## WHAT IS REQUIRED
Below are the records; copy each line in which "lemma" can be found.

## THE DATA

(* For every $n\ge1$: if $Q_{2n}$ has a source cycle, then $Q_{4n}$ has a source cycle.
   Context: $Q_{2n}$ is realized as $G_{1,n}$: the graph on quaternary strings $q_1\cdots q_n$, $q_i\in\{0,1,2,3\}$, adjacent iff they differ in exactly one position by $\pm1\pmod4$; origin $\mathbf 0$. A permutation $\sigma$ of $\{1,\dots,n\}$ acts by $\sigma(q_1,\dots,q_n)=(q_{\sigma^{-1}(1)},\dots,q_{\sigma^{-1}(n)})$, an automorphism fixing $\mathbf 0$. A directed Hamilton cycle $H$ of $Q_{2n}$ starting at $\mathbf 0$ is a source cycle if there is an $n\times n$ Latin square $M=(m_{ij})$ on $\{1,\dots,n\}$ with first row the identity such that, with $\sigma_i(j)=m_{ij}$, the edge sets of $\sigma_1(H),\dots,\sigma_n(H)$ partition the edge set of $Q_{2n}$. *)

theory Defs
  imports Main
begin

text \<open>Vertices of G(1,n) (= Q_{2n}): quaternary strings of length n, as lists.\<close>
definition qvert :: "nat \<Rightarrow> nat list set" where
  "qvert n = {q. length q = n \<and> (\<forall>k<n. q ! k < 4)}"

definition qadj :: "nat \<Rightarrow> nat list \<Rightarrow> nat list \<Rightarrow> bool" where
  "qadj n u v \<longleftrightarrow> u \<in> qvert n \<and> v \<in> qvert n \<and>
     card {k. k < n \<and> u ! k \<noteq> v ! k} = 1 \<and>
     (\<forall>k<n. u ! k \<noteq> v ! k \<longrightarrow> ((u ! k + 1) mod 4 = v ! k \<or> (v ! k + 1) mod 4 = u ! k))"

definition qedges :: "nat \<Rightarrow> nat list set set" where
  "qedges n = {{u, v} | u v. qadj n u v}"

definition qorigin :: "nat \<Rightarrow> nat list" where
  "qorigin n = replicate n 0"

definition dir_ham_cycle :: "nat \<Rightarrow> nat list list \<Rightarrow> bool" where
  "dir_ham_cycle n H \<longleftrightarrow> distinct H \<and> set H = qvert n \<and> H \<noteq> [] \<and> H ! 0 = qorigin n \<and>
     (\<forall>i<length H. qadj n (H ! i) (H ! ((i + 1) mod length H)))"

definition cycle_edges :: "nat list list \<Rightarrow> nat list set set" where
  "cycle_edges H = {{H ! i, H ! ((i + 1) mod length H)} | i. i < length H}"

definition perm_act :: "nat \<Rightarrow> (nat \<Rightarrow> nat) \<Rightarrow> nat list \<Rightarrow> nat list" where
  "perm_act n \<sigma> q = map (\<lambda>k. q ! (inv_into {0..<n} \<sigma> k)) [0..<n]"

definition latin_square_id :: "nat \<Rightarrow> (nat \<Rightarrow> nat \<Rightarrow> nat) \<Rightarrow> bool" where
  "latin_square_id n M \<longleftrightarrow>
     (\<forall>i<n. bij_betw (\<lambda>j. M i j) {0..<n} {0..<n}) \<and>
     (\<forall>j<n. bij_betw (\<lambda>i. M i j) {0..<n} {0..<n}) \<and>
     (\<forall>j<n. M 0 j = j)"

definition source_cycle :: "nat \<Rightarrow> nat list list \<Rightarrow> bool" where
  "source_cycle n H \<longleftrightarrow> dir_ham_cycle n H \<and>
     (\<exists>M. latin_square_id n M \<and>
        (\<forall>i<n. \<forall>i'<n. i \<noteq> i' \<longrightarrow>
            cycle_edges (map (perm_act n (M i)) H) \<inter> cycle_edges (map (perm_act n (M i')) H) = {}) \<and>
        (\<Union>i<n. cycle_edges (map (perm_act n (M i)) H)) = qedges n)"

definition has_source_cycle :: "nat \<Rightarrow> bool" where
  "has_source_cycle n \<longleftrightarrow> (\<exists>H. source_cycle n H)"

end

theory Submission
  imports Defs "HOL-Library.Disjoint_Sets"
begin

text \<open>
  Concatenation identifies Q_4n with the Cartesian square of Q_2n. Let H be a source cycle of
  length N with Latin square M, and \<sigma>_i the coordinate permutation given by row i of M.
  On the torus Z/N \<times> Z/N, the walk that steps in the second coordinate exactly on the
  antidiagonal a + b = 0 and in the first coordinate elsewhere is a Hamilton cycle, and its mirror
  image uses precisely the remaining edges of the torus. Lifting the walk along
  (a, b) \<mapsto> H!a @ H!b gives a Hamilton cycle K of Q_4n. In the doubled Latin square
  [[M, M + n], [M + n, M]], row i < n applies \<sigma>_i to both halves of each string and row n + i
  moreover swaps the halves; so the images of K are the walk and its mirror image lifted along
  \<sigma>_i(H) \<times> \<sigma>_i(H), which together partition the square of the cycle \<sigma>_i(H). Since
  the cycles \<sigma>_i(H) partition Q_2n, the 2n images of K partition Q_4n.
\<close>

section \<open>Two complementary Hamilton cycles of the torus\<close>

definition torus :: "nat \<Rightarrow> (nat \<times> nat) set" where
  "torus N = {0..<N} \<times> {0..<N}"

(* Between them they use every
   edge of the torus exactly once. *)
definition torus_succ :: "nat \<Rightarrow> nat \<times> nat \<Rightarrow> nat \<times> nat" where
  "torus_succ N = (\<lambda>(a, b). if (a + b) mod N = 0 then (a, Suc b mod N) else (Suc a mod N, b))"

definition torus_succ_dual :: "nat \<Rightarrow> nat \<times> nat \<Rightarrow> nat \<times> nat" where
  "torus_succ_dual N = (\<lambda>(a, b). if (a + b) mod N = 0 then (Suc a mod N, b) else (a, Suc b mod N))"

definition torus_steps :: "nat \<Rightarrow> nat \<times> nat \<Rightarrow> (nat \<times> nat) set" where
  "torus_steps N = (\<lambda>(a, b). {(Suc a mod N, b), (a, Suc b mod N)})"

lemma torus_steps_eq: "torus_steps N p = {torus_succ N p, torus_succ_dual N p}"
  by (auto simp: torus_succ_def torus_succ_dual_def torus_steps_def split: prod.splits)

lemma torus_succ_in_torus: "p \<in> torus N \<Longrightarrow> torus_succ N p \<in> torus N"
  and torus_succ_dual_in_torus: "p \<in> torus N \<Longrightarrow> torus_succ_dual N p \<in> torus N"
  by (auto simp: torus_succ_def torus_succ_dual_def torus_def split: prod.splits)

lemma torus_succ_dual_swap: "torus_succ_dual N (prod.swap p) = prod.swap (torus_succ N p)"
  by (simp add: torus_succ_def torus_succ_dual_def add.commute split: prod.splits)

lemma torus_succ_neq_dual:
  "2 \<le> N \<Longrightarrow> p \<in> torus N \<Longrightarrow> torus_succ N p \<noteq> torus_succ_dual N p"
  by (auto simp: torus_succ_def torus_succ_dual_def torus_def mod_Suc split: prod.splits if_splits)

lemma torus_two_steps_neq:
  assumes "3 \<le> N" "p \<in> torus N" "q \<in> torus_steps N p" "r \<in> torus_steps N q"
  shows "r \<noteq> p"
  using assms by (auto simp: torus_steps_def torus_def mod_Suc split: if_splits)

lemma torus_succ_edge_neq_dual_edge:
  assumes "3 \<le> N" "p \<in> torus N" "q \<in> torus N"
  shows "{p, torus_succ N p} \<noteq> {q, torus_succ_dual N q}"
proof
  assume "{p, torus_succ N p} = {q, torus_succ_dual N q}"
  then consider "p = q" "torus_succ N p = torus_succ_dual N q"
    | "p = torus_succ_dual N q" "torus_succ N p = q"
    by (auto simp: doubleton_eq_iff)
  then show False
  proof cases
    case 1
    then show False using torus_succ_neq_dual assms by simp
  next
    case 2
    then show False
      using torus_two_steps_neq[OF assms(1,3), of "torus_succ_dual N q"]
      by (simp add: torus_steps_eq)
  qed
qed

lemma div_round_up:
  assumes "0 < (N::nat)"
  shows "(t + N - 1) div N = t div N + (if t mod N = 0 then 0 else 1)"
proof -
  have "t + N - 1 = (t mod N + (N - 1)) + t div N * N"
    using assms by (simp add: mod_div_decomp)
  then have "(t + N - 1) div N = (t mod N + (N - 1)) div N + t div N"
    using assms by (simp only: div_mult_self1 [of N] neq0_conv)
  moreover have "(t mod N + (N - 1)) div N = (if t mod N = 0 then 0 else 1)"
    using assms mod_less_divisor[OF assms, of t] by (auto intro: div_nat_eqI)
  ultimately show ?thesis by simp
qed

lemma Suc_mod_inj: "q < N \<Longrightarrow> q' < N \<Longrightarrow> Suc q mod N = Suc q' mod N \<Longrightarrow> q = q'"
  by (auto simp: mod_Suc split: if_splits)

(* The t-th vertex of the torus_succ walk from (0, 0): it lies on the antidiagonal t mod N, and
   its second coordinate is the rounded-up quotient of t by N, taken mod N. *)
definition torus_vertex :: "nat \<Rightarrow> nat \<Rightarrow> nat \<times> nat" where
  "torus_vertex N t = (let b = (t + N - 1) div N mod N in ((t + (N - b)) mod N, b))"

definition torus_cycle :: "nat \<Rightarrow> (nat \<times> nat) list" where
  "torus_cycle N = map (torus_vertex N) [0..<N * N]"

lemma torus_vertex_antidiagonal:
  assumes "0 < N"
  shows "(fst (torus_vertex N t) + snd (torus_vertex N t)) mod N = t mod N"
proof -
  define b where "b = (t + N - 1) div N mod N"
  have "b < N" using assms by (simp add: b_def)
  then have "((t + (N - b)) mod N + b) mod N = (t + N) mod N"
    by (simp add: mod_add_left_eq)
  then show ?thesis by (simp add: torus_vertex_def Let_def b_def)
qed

## WRITTEN RESPONSE
lemma torus_steps_eq: "torus_steps N p = {torus_succ N p, torus_succ_dual N p}"
lemma torus_succ_in_torus: "p \<in> torus N \<Longrightarrow> torus_succ N p \<in> torus N"
lemma torus_succ_dual_swap: "torus_succ_dual N (prod.swap p) = prod.swap (torus_succ N p)"
lemma torus_succ_neq_dual:
lemma torus_two_steps_neq:
lemma torus_succ_edge_neq_dual_edge:
lemma div_round_up:
lemma Suc_mod_inj: "q < N \<Longrightarrow> q' < N \<Longrightarrow> Suc q mod N = Suc q' mod N \<Longrightarrow> q = q'"
lemma torus_vertex_antidiagonal:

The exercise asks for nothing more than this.